To summarize, the use of makarios in the New Testament suggests that true happiness is to be found only by those having faith founded upon attention and obedience to the word of God (the Scriptures) and maintaining faithfulness to the Lord and to His teaching, in whom the work of the Holy Spirit produces spiritual features deriving from Christ, and who rest in the assurance of present favour as ‘in Christ’ and of future blessing in fulness in the eternal state of His return as promised in John 14. 3.

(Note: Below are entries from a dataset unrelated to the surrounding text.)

lemma diff_eq_0_vec_iff:
  fixes v y :: "'a::ab_group_add vec"
  assumes "v \<in> carrier_vec n" and "y \<in> carrier_vec n"
  shows "v - y = 0\<^sub>v n \<longleftrightarrow> v = y"
proof
  assume "v - y = 0\<^sub>v n"
  then show "v = y" using assms by (intro eq_vecI) (auto simp: vec_eq_iff)
qed (use assms in simp)

lemma mat_sum_mult_vec:
  assumes F: "\<And>i. i \<in> I \<Longrightarrow> F i \<in> carrier_mat nr nc" and v: "v \<in> carrier_vec nc"
  shows "mat nr nc (\<lambda>(r, c). \<Sum>i\<in>I. F i $$ (r, c)) *\<^sub>v v = vec nr (\<lambda>r. \<Sum>i\<in>I. (F i *\<^sub>v v) $ r)"
proof (rule eq_vecI)
  fix r assume "r < dim_vec (vec nr (\<lambda>r. \<Sum>i\<in>I. (F i *\<^sub>v v) $ r))"
  then have r: "r < nr" by simp
  have "(mat nr nc (\<lambda>(r, c). \<Sum>i\<in>I. F i $$ (r, c)) *\<^sub>v v) $ r = (\<Sum>c<nc. \<Sum>i\<in>I. F i $$ (r, c) * v $ c)"
    using r v by (simp add: scalar_prod_def sum_distrib_right lessThan_atLeast0)
  also have "\<dots> = (\<Sum>i\<in>I. (F i *\<^sub>v v) $ r)"
  proof (subst sum.swap, rule sum.cong)
    fix i assume "i \<in> I"
    then have "F i \<in> carrier_mat nr nc" by (rule F)
    then show "(\<Sum>c<nc. F i $$ (r, c) * v $ c) = (F i *\<^sub>v v) $ r"
      using r v by (simp add: scalar_prod_def lessThan_atLeast0)
  qed simp
  finally show "(mat nr nc (\<lambda>(r, c). \<Sum>i\<in>I. F i $$ (r, c)) *\<^sub>v v) $ r = vec nr (\<lambda>r. \<Sum>i\<in>I. (F i *\<^sub>v v) $ r) $ r"
    using r by simp
qed simp

lemma scalar_prod_vec_sum:
  assumes u: "u \<in> carrier_vec n" and f: "\<And>i. i \<in> I \<Longrightarrow> f i \<in> carrier_vec n"
  shows "u \<bullet> vec n (\<lambda>r. \<Sum>i\<in>I. f i $ r) = (\<Sum>i\<in>I. u \<bullet> f i)"
proof -
  have "u \<bullet> vec n (\<lambda>r. \<Sum>i\<in>I. f i $ r) = (\<Sum>i\<in>I. \<Sum>r<n. u $ r * f i $ r)"
    using u by (simp add: scalar_prod_def sum_distrib_left sum.swap[of _ I] lessThan_atLeast0)
  also have "\<dots> = (\<Sum>i\<in>I. u \<bullet> f i)"
  proof (rule sum.cong)
    fix i assume "i \<in> I"
    then have "f i \<in> carrier_vec n" by (rule f)
    then show "(\<Sum>r<n. u $ r * f i $ r) = u \<bullet> f i" by (simp add: scalar_prod_def lessThan_atLeast0)
  qed simp
  finally show ?thesis .
qed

It should, however, also be said that happiness in this life can at best be only partial, because of the existence through sin of conditions which must by their nature cause distress to God and to the Lord Jesus, and therefore to anyone living in accordance with the will of God. This may be seen clearly from the life of Christ Himself. As regards inward peace and happiness, in the sense of perfect complacency in the love of God, nothing could equal that which He ever knew as a dependent Man, the Son of God dwelling in the affections of the Father, John 1. 14, 18. But it is plain from passages such as Mark 7. 34 and 8. 12, and John 11. 33, which speak of Him as ‘sighing deeply’, or ‘groaning’ in His spirit, that Jesus felt deeply the unhappiness of others, and that He was indeed, as described prophetically by Isaiah, ‘a man of sorrows, and acquainted with grief, which would include grief at the suffering of others besides His own, Isa. 53. 3. Furthermore, the Spirit of God applies the same thought to the believer in Romans 8. 23 (where the same Greek word is used as in Mark 7. 34): ‘ourselves also, which have the firstfruits of the Spirit, even we ourselves groan within ourselves, waiting for … the redemption of our body’ (i.e. our translation to glory).

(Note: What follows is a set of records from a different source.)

(* Let $\mathcal P=[p_1,\ldots,p_k]\in AP_{n,k}$. If $\mathrm{slack}(\mathcal P)<0$, then there is an index $j<k$ such that $p_j<p_{j+1}$ and $\mathrm{slack}(\mathcal P)=\mathrm{slack}_j(\mathcal P)$.
   Context: $s^{n,k}=\frac{n(n+1)}{2k}$. An ascending partition of $n$ of size $k$ is a sequence of positive integers $[p_1,\ldots,p_k]$ with $p_1\le\cdots\le p_k$ and $\sum_i p_i=n$; $AP_{n,k}$ is the set of all such partitions when $s^{n,k}$ is an integer (and empty otherwise). For $j=1,\ldots,k$, $\mathrm{slack}_j(\mathcal P)=\sum_{i=1}^{p_1+\cdots+p_j}(n-i+1)-j\,s^{n,k}$, and $\mathrm{slack}(\mathcal P)=\min_{1\le j\le k-1}\mathrm{slack}_j(\mathcal P)$. *)

theory Defs
  imports Main "HOL.Real"
begin

definition s_nk :: "nat \<Rightarrow> nat \<Rightarrow> real" where
  "s_nk n k = real (n * (n + 1)) / (2 * real k)"

text \<open>Ascending partitions of n of size k, as lists [p_1,...,p_k] (list index i-1 holds p_i);
  empty unless s^{n,k} is an integer.\<close>
definition AP :: "nat \<Rightarrow> nat \<Rightarrow> nat list set" where
  "AP n k = {P. length P = k \<and> sorted P \<and> (\<forall>x\<in>set P. 0 < x) \<and> sum_list P = n
               \<and> s_nk n k \<in> \<int>}"

definition slack_j :: "nat \<Rightarrow> nat \<Rightarrow> nat list \<Rightarrow> nat \<Rightarrow> real" where
  "slack_j n k P j = (\<Sum>i = 1..sum_list (take j P). real n - real i + 1) - real j * s_nk n k"

definition slack :: "nat \<Rightarrow> nat \<Rightarrow> nat list \<Rightarrow> real" where
  "slack n k P = Min ((slack_j n k P) ` {1..k-1})"

end

theory Submission
  imports Defs
begin

text \<open>Write \<open>S\<^sub>j = p\<^sub>1 + \<dots> + p\<^sub>j\<close>. Then \<open>slack\<^sub>j\<close> is the concave quadratic
  \<open>S(n + 1) - S(S + 1)/2\<close> evaluated at \<open>S = S\<^sub>j\<close>, minus the linear term \<open>j s\<^sup>n\<^sup>,\<^sup>k\<close>, and it
  vanishes at \<open>j = 0\<close> and \<open>j = k\<close>. If \<open>p\<^sub>j = p\<^sub>j\<^sub>+\<^sub>1 = p\<close>, the points \<open>S\<^sub>j\<^sub>-\<^sub>1, S\<^sub>j, S\<^sub>j\<^sub>+\<^sub>1\<close> are
  equally spaced, so the second difference of \<open>slack\<^sub>j\<close> at \<open>j\<close> is \<open>-p\<^sup>2 < 0\<close>. Hence a
  negative minimum of \<open>slack\<^sub>j\<close> over \<open>0 \<le> j \<le> k\<close> can only be attained where
  \<open>p\<^sub>j < p\<^sub>j\<^sub>+\<^sub>1\<close>.\<close>

lemma sum_descending_closed_form:
  "(\<Sum>i = 1..m. real n - real i + 1) = real m * (real n + 1) - real m * (real m + 1) / 2"
  by (induction m) (auto simp: field_simps)

lemma slack_j_0 [simp]: "slack_j n k P 0 = 0"
  by (simp add: slack_j_def)

lemma slack_j_length:
  assumes "length P = k" and "sum_list P = n"
  shows "slack_j n k P k = 0"
  using assms unfolding slack_j_def sum_descending_closed_form
  by (cases "k = 0") (auto simp: s_nk_def field_simps)

lemma slack_j_second_difference:
  assumes "0 < j" and "j < length P" and "P ! (j - 1) = P ! j"
  shows "slack_j n k P (j - 1) + slack_j n k P (j + 1) - 2 * slack_j n k P j = - (real (P ! j))\<^sup>2"
proof -
  define a where "a = sum_list (take (j - 1) P)"
  define p where "p = P ! j"
  have take_j: "sum_list (take j P) = a + p"
    using assms take_Suc_conv_app_nth[of "j - 1" P] unfolding a_def p_def by simp
  have take_Suc_j: "sum_list (take (j + 1) P) = a + 2 * p"
    using assms(2) take_j take_Suc_conv_app_nth[of j P] unfolding p_def by simp
  show ?thesis
    using assms(1)
    unfolding slack_j_def sum_descending_closed_form take_j take_Suc_j a_def[symmetric] p_def[symmetric]
    by (simp add: of_nat_diff field_simps power2_eq_square)
qed

lemma slack_le_slack_j:
  assumes "i \<in> {1..k - 1}"
  shows "slack n k P \<le> slack_j n k P i"
  using assms unfolding slack_def by (intro Min_le) auto

lemma slack_attained:
  assumes "k \<ge> 2"
  obtains j where "j \<in> {1..k - 1}" and "slack n k P = slack_j n k P j"
proof -
  have "slack n k P \<in> slack_j n k P ` {1..k - 1}"
    unfolding slack_def using assms by (intro Min_in) auto
  then show ?thesis using that by blast
qed

lemma negative_slack_le_slack_j:
  assumes "P \<in> AP n k" and "slack n k P < 0" and "i \<le> k"
  shows "slack n k P \<le> slack_j n k P i"
proof -
  have "length P = k" and "sum_list P = n"
    using assms(1) by (auto simp: AP_def)
  then show ?thesis
    using assms(2,3) slack_le_slack_j[of i k n P] slack_j_length[of P k n]
    by (cases "i = 0 \<or> i = k") auto
qed

theorem mainTheorem6:
  fixes n k :: nat and P :: "nat list"
  assumes "k \<ge> 2"
    and "P \<in> AP n k"
    and "slack n k P < 0"
  shows "\<exists>j. 1 \<le> j \<and> j < k \<and> P ! (j - 1) < P ! j \<and> slack n k P = slack_j n k P j"
proof -
  obtain j where "j \<in> {1..k - 1}" and slack_eq: "slack n k P = slack_j n k P j"
    using slack_attained[OF assms(1)] .
  then have j: "0 < j" "j < k"
    by auto
  have len: "length P = k" and "sorted P" and pos: "\<forall>x\<in>set P. 0 < x"
    using assms(2) by (auto simp: AP_def)
  have "P ! (j - 1) \<le> P ! j"
    using \<open>sorted P\<close> j len by (intro sorted_nth_mono) auto
  moreover have "P ! (j - 1) \<noteq> P ! j"
  proof
    assume "P ! (j - 1) = P ! j"
    then have "slack_j n k P (j - 1) + slack_j n k P (j + 1) - 2 * slack_j n k P j = - (real (P ! j))\<^sup>2"
      using j len by (intro slack_j_second_difference) auto
    moreover have "0 < (real (P ! j))\<^sup>2"
      using j len pos by (simp add: nth_mem)
    moreover have "slack_j n k P j \<le> slack_j n k P (j - 1)" "slack_j n k P j \<le> slack_j n k P (j + 1)"
      using negative_slack_le_slack_j[OF assms(2,3), of "j - 1"]
        negative_slack_le_slack_j[OF assms(2,3), of "j + 1"] slack_eq j by simp_all
    ultimately show False
      by linarith
  qed
  ultimately show ?thesis
    using j slack_eq by (intro exI[of _ j]) auto
qed

end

If happiness, therefore, is conceived of (as many people in the world think of it) as involving a completely carefree state of mind, the believer has to accept that this is impossible except in the sense of a temporary detachment in spirit, from the things of earth: such a state, for instance, as the Spirit of God described as a ‘trance’, or ‘ecstasy’ (Gk. ekstasis), in referring to Peter in Acts 10. 10 and to Paul in Acts 22. 17. These however were clearly exceptional experiences, and for us today the fullest possible enjoyment of detachment from the world is probably when gathered ‘in assembly’ (1 Cor. 11. 18, JND), in the light of such passages as Colossians 3. 16, 17 and Ephesians 5. 19, 20. Normally it would be unrealistic to think that a mature Christian can ever be completely unburdened while having to live in this world as it is. This does not conflict with the enjoyment of peace as envisaged in at least three contexts: in Romans 5. 1 (as a result of our justification by faith); John 14. 27 and Colossians 3. 15 (peace of soul in a hostile world) and Philippians 4. 7 (the peace of God known in communion with Him). Peace of mind and soul is surely essential for happiness: but to be makarios (blessed) would involve something more, which can be enjoyed even though the spirit is inevitably being frequently, if not continually, burdened by the realization of much around us that is contrary to the mind of God. One hastens to add, how little we may feel we know of this as individuals: yet it is something that scripture holds out to us as an object for faith.